_Assignment_
An exact reprint of the whole listing is what the answer must contain.

_Exercise materials_

lemma ln_double_power_ratio_tendsto:
  fixes c :: nat
  shows "(\<lambda>n. ln (real (2 * c ^ (2 ^ n - 1))) / (2 ^ (n + 1) - 1)) \<longlonglongrightarrow> ln (real c) / 2"
proof (cases "c = 0")
  case True
  \<comment> \<open>Here the limit is ln 0 / 2 = 0, with Isabelle's junk value ln 0 = 0.\<close>
  have "\<forall>\<^sub>F n in sequentially. ln (real (2 * c ^ (2 ^ n - 1))) / (2 ^ (n + 1) - 1) = (0 :: real)"
    using eventually_ge_at_top[of "1::nat"]
  proof (rule eventually_mono)
    fix n :: nat assume "1 \<le> n"
    then have "2 ^ n - 1 \<noteq> (0 :: nat)"
      using power_increasing[of 1 n "2::nat"] by simp
    then have "c ^ (2 ^ n - 1) = 0"
      using True by simp
    then show "ln (real (2 * c ^ (2 ^ n - 1))) / (2 ^ (n + 1) - 1) = 0"
      by (simp only: mult_0_right of_nat_0 ln_0 div_0)
  qed
  then have "(\<lambda>n. ln (real (2 * c ^ (2 ^ n - 1))) / (2 ^ (n + 1) - 1)) \<longlonglongrightarrow> 0"
    by (rule tendsto_eventually)
  then show ?thesis
    using True by simp
next
  case False
  have "ln (real (2 * c ^ (2 ^ n - 1))) = ln 2 + (2 ^ n - 1) * ln (real c)" for n
    using False by (simp add: ln_mult ln_realpow of_nat_diff)
  moreover have "(\<lambda>n::nat. (ln 2 + (2 ^ n - 1) * ln (real c)) / (2 ^ (n + 1) - 1))
      \<longlonglongrightarrow> ln (real c) / 2"
    by real_asymp
  ultimately show ?thesis by simp
qed

theorem proposition2:
  fixes B :: "(nat \<times> nat \<times> nat) set"
  assumes "B \<subseteq> {1,2} \<times> {1,2} \<times> {1,2}"
    and "snre_a B 1 = snre_b B 1"
  shows "sft_entropy B = ereal (ln (real (snre_a B 1)) / 2)"
proof -
  have "card (blocks B n) = 2 * snre_a B 1 ^ (2 ^ n - 1)" for n
    using card_blocks_snre[OF assms(1)] snre_balanced[OF assms(2)] by simp
  then have "(\<lambda>n. ereal (ln (real (card (blocks B n))) / (2 ^ (n + 1) - 1)))
      \<longlonglongrightarrow> ereal (ln (real (snre_a B 1)) / 2)"
    using ln_double_power_ratio_tendsto by (simp only: tendsto_ereal)
  then show ?thesis
    unfolding sft_entropy_def by (simp add: lim_imp_Limsup)
qed

end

_Reply to the exercise_
lemma ln_double_power_ratio_tendsto:
  fixes c :: nat
  shows "(\<lambda>n. ln (real (2 * c ^ (2 ^ n - 1))) / (2 ^ (n + 1) - 1)) \<longlonglongrightarrow> ln (real c) / 2"
proof (cases "c = 0")
  case True
  \<comment> \<open>Here the limit is ln 0 / 2 = 0, with Isabelle's junk value ln 0 = 0.\<close>
  have "\<forall>\<^sub>F n in sequentially. ln (real (2 * c ^ (2 ^ n - 1))) / (2 ^ (n + 1) - 1) = (0 :: real)"
    using eventually_ge_at_top[of "1::nat"]
  proof (rule eventually_mono)
    fix n :: nat assume "1 \<le> n"
    then have "2 ^ n - 1 \<noteq> (0 :: nat)"
      using power_increasing[of 1 n "2::nat"] by simp
    then have "c ^ (2 ^ n - 1) = 0"
      using True by simp
    then show "ln (real (2 * c ^ (2 ^ n - 1))) / (2 ^ (n + 1) - 1) = 0"
      by (simp only: mult_0_right of_nat_0 ln_0 div_0)
  qed
  then have "(\<lambda>n. ln (real (2 * c ^ (2 ^ n - 1))) / (2 ^ (n + 1) - 1)) \<longlonglongrightarrow> 0"
    by (rule tendsto_eventually)
  then show ?thesis
    using True by simp
next
  case False
  have "ln (real (2 * c ^ (2 ^ n - 1))) = ln 2 + (2 ^ n - 1) * ln (real c)" for n
    using False by (simp add: ln_mult ln_realpow of_nat_diff)
  moreover have "(\<lambda>n::nat. (ln 2 + (2 ^ n - 1) * ln (real c)) / (2 ^ (n + 1) - 1))
      \<longlonglongrightarrow> ln (real c) / 2"
    by real_asymp
  ultimately show ?thesis by simp
qed

theorem proposition2:
  fixes B :: "(nat \<times> nat \<times> nat) set"
  assumes "B \<subseteq> {1,2} \<times> {1,2} \<times> {1,2}"
    and "snre_a B 1 = snre_b B 1"
  shows "sft_entropy B = ereal (ln (real (snre_a B 1)) / 2)"
proof -
  have "card (blocks B n) = 2 * snre_a B 1 ^ (2 ^ n - 1)" for n
    using card_blocks_snre[OF assms(1)] snre_balanced[OF assms(2)] by simp
  then have "(\<lambda>n. ereal (ln (real (card (blocks B n))) / (2 ^ (n + 1) - 1)))
      \<longlonglongrightarrow> ereal (ln (real (snre_a B 1)) / 2)"
    using ln_double_power_ratio_tendsto by (simp only: tendsto_ereal)
  then show ?thesis
    unfolding sft_entropy_def by (simp add: lim_imp_Limsup)
qed

end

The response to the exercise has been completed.